North Carolina won its sixth national championship in program history Monday night, outlasting Gonzaga, 71-65, in one of the most tightly called title games in recent memory. Each team was whistled for 22 fouls and shot 26 free throws, sapping the game of its natural flow.

“This wasn’t the refs’ finest hour,” former Tar Heel and current CBS Sports college basketball analyst Brendan Haywood said on CBS Sports Radio’s Tiki and Tierney. “There were definitely some missed calls down the stretch of the ball game. Then there was the play when they gave Gonzaga an extra possession when they said the ball was tipped out by Carolina on a three-point shot when it clearly wasn’t, which led directly to a three-pointer by Nigel Williams-Goss. There was a lot of fouls. There was inside foul trouble on both sides. So it wasn’t the officials’ finest hour, but at the end of the day, the players still decided the game. In this situation, I’m glad the officials were bad on both sides. They were equally bad.”

In any event, Roy Williams won his third national title and will now be considered one of the best coaches of all time.

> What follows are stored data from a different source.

lemma Omega_positions_after:
  assumes "valid_braid_word n w" and "\<forall>p\<in>{1..n}. pos p \<in> {1..n}"
    and t: "\<forall>i\<in>{1..n}. t i \<noteq> 0 \<and> t i \<noteq> 1"
  shows "Omega n t (positions_after pos w) =
    transpose_mat (gassner_aux n (\<lambda>i. inverse (t i)) pos w) * Omega n t pos * gassner_aux n t pos w"
  using assms(1,2)
proof (induction w arbitrary: pos)
  case Nil
  then show ?case by simp
next
  case (Cons a w)
  obtain i s where a: "a = (i, s)" by (cases a)
  have i: "1 \<le> i" "i < n" and s: "s = 1 \<or> s = -1" and w: "valid_braid_word n w"
    using Cons.prems(1) a by (auto simp: valid_braid_word_def)
  define x where "x = t (over_strand pos i s)"
  have "x \<noteq> 0" "x \<noteq> 1"
    using t over_strand_in[OF Cons.prems(2) i] by (auto simp: x_def)
  then have step: "Omega n t (cross_pos pos i) =
      transpose_mat (U_pow n i s (inverse x)) * Omega n t pos * U_pow n i s x"
    unfolding x_def by (rule Omega_cross_pos_U_pow[OF i s])
  have "Omega n t (positions_after pos (a # w)) =
      transpose_mat (gassner_aux n (\<lambda>i. inverse (t i)) (cross_pos pos i) w)
      * Omega n t (cross_pos pos i) * gassner_aux n t (cross_pos pos i) w"
    using Cons.IH[OF w cross_pos_maps_into[OF Cons.prems(2) i]] a by simp
  also have "\<dots> = transpose_mat (gassner_aux n (\<lambda>i. inverse (t i)) pos (a # w))
      * Omega n t pos * gassner_aux n t pos (a # w)"
    unfolding step by (simp add: a x_def transpose_mult_congruence[where n = n])
  finally show ?case .
qed
(* Let $\frac1n<\alpha\le1$. Let $E(\tau)$ be a family of ellipsoids in $\mathbb{R}^{n+1}$ centered at the origin with fixed volume, let $r_{\min}(\tau)$ and $r_{\max}(\tau)$ be half of the minor axis and half of the major axis of $E(\tau)$, respectively, and let $\tilde I(\tau)$ be the integral quantity of $E(\tau)$. If $r_{\max}(\tau)\to\infty$, then $\tilde I(\tau)\to\infty$.
   Context: For a compact convex hypersurface whose enclosed region contains the origin in its interior, with support function $\tilde S(z)=\langle z,\tilde X(\nu^{-1}(z))\rangle>0$ ($z\in\mathbb{S}^n$, $\nu$ the outward unit normal), the integral quantity is $\tilde I=\big(\int_{\mathbb{S}^n}\tilde S^{1-\frac1\alpha}d\sigma_{\mathbb{S}^n}\big)^{-1}$ if $\alpha<1$ and $\tilde I=\int_{\mathbb{S}^n}\log\tilde S\,d\sigma_{\mathbb{S}^n}$ if $\alpha=1$. *)

theory Defs
  imports "HOL-Analysis.Analysis"
begin

text \<open>Ellipsoids in R^(n+1) centred at the origin: images of the closed unit ball
  under an invertible linear map. The dimension n+1 is CARD('n).\<close>
definition origin_ellipsoid :: "(real^'n) set \<Rightarrow> bool" where
  "origin_ellipsoid E \<longleftrightarrow>
     (\<exists>A :: real^'n^'n. invertible A \<and> E = (\<lambda>x. A *v x) ` cball 0 1)"

definition support_fun :: "(real^'n) set \<Rightarrow> real^'n \<Rightarrow> real" where
  "support_fun E z = Sup ((\<lambda>x. z \<bullet> x) ` E)"

definition r_max :: "(real^'n) set \<Rightarrow> real" where
  "r_max E = Sup (norm ` E)"

definition r_min :: "(real^'n) set \<Rightarrow> real" where
  "r_min E = Inf (norm ` frontier E)"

“I don’t think there’s a way that you can’t put him in the top five,” Haywood said. “I think getting to (the final) in the college level is harder than the pro level. If you sign a guy in the pros and he’s really good, you’re going to have your franchise guy for four, five, six years – even 10 years if you resign him. In college, you’re going to have your best player for one year – two max – and then you have to start it all over again. I think what Roy has done at the college level is absolutely phenomenal. He’s definitely in the top five when you talk about a man that’s won three titles (and played) in 11 championship games.”

Williams has won three national titles, three ACC Tournament championships and three Big 12 Tournament championships. He also played in two other national title games and has advanced to nine Final Fours.

Haywood believes that the 66-year-old Williams should be mentioned with the likes of John Wooden, Adolph Rupp and Mike Krzyzewski.

Brandon Tierney wondered about Jim Calhoun, who also won three national titles. Shouldn’t he be in that top-five discussion, too?

“When you’re talking about two guys that have three titles, it’s up for interpretation,” Haywood said. “I won’t speak bad against Coach Jm Calhoun because he has three titles. When you have three titles, no one gets to say anything bad about you.”

Impressively, Williams has won, by and large, without one-and-done players.

“He’s doing it the Carolina way,” Haywood said. “He’s running that secondary break offense that Coach Dean Smith installed years ago, and he runs it to perfection. He doesn’t change it for anybody. Everybody’s talking about it’s the age of the three-point line and you need a stretch four. No, Roy does it with two traditional bigs. They dominate the paint, they play fast, they get lay-ups, they throw the ball inside – and while everybody else is trying to shoot threes, Carolina is trying to dominate the paint. That’s why they still have been able to be so successful, even though they haven’t had the same type of recruits that Kentucky and Duke have gotten in the last couple of years.

“The good thing about Carolina is they’ve gotten good enough recruits that these guys are still top players and then they got years to gel,” Haywood continued. “So instead of getting a guy that’s going to be gone in a year, you get a guy like a Justin Jackson. He gets to play three years, and his game continues to grow. . . . He doesn’t know what these guys are going to turn into or how long they’re going to stay in school. He just goes after the best guys and he thinks they’re good kids. He hopes that they come to the program and they learn from him and they continue to grow.”

Gonzaga, meanwhile, will look to rebound from a crushing title-game loss. The Zags had a chance to win but shot just 33.9 percent from the floor. Przemek Karnowski struggled mightily against Carolina, finishing with nine points on 1-of-8 shooting.

“I think he’s going to have a long professional career, but I’m not sure if it’s going to be in the NBA,” Haywood said. “He’s the prototypical European big man – a big man that can shoot, big body, can pass, not the greatest athlete in the world, but those guys plays overseas at a high level for years. But as far as the NBA, he’s very slow. We saw that he struggled with length (against Carolina). Playing in the WCC, he doesn’t see length like he saw against Carolina very often, so he’s able to do what he wants to do. In the pros, he’s going to play against athletic guys, long guys, guys that are longer and more athletic than Carolina’s guys on a nightly basis. I think he’s going to struggle. He’s kind of ground-bound, and more importantly, the league is always gameplan-specific – way more than college basketball. When teams see Karnowski check into the game, they’re going to involve him in every pick-and-roll in the middle of the floor and they’re going to make it very hard for him to play in the league. I think he’s a great kid. I love his story. I just don’t think he’s an NBA player.”